- [TASK DESCRIPTION]:
In the entries below, the lines from the one with "using theta_inverse[OF p, of" through the one with "qed (simp add: reversal_factor_def)" are to be copied exactly; both ends count.

- [DATA]:
-- Opening Marker --

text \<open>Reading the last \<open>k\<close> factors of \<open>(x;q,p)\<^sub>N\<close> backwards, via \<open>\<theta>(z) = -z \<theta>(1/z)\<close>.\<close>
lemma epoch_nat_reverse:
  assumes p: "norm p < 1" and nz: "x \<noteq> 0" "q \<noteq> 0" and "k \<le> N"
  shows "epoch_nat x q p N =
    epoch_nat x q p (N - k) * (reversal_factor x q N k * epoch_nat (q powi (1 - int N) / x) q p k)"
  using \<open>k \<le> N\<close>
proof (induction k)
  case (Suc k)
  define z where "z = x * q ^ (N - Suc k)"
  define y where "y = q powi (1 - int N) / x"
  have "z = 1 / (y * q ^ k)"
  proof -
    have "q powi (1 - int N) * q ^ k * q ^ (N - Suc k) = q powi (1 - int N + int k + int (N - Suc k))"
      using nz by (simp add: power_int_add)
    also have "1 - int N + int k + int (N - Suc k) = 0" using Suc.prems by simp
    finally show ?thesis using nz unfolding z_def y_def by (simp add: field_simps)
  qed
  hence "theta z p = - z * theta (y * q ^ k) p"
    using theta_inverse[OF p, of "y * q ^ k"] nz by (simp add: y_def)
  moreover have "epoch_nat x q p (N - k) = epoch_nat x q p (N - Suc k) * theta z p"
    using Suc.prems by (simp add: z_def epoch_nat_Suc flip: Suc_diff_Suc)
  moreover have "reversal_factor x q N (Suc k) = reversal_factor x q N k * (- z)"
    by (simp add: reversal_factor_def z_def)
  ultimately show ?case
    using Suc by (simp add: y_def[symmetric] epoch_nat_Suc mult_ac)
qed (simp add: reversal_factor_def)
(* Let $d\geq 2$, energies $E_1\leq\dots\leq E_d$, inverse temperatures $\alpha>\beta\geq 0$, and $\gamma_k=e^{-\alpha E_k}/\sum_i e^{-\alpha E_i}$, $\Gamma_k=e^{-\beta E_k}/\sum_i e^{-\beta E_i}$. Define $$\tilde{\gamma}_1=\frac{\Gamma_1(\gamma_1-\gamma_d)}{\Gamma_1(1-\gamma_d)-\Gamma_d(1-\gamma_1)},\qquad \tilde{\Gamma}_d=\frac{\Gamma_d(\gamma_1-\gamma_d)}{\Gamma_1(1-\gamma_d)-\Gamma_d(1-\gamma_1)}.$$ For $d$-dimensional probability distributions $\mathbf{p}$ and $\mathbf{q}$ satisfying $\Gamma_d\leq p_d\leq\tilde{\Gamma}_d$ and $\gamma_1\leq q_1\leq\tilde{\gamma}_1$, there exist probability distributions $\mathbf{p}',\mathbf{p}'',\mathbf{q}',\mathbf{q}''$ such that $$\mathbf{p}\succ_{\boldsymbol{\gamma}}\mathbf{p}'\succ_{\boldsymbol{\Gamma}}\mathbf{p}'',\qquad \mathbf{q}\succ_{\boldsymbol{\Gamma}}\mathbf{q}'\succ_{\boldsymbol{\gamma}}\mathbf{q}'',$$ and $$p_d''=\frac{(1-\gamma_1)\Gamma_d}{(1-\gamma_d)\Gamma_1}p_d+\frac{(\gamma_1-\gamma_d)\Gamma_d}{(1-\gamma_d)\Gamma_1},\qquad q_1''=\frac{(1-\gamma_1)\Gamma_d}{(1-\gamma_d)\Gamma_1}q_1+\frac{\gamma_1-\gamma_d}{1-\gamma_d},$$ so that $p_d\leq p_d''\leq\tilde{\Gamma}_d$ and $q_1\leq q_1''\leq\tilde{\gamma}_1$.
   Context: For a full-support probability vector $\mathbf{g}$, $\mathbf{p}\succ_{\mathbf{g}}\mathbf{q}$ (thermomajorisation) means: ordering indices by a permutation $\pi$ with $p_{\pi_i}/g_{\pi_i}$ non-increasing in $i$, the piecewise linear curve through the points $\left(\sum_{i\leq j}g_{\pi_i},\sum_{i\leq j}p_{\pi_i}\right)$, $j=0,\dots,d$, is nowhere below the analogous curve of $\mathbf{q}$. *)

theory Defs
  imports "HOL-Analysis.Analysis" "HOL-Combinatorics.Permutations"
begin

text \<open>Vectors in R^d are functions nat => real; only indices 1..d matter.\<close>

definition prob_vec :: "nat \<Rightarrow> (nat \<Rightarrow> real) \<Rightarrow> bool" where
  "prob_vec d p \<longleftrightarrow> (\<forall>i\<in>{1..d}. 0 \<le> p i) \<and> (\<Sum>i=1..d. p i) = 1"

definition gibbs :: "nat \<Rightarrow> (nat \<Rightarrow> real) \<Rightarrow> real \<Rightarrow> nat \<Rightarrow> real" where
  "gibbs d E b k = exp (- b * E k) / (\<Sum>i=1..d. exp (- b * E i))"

-- Closing Marker --

- [ANSWER SPACE]:
    using theta_inverse[OF p, of "y * q ^ k"] nz by (simp add: y_def)
  moreover have "epoch_nat x q p (N - k) = epoch_nat x q p (N - Suc k) * theta z p"
    using Suc.prems by (simp add: z_def epoch_nat_Suc flip: Suc_diff_Suc)
  moreover have "reversal_factor x q N (Suc k) = reversal_factor x q N k * (- z)"
    by (simp add: reversal_factor_def z_def)
  ultimately show ?case
    using Suc by (simp add: y_def[symmetric] epoch_nat_Suc mult_ac)
qed (simp add: reversal_factor_def)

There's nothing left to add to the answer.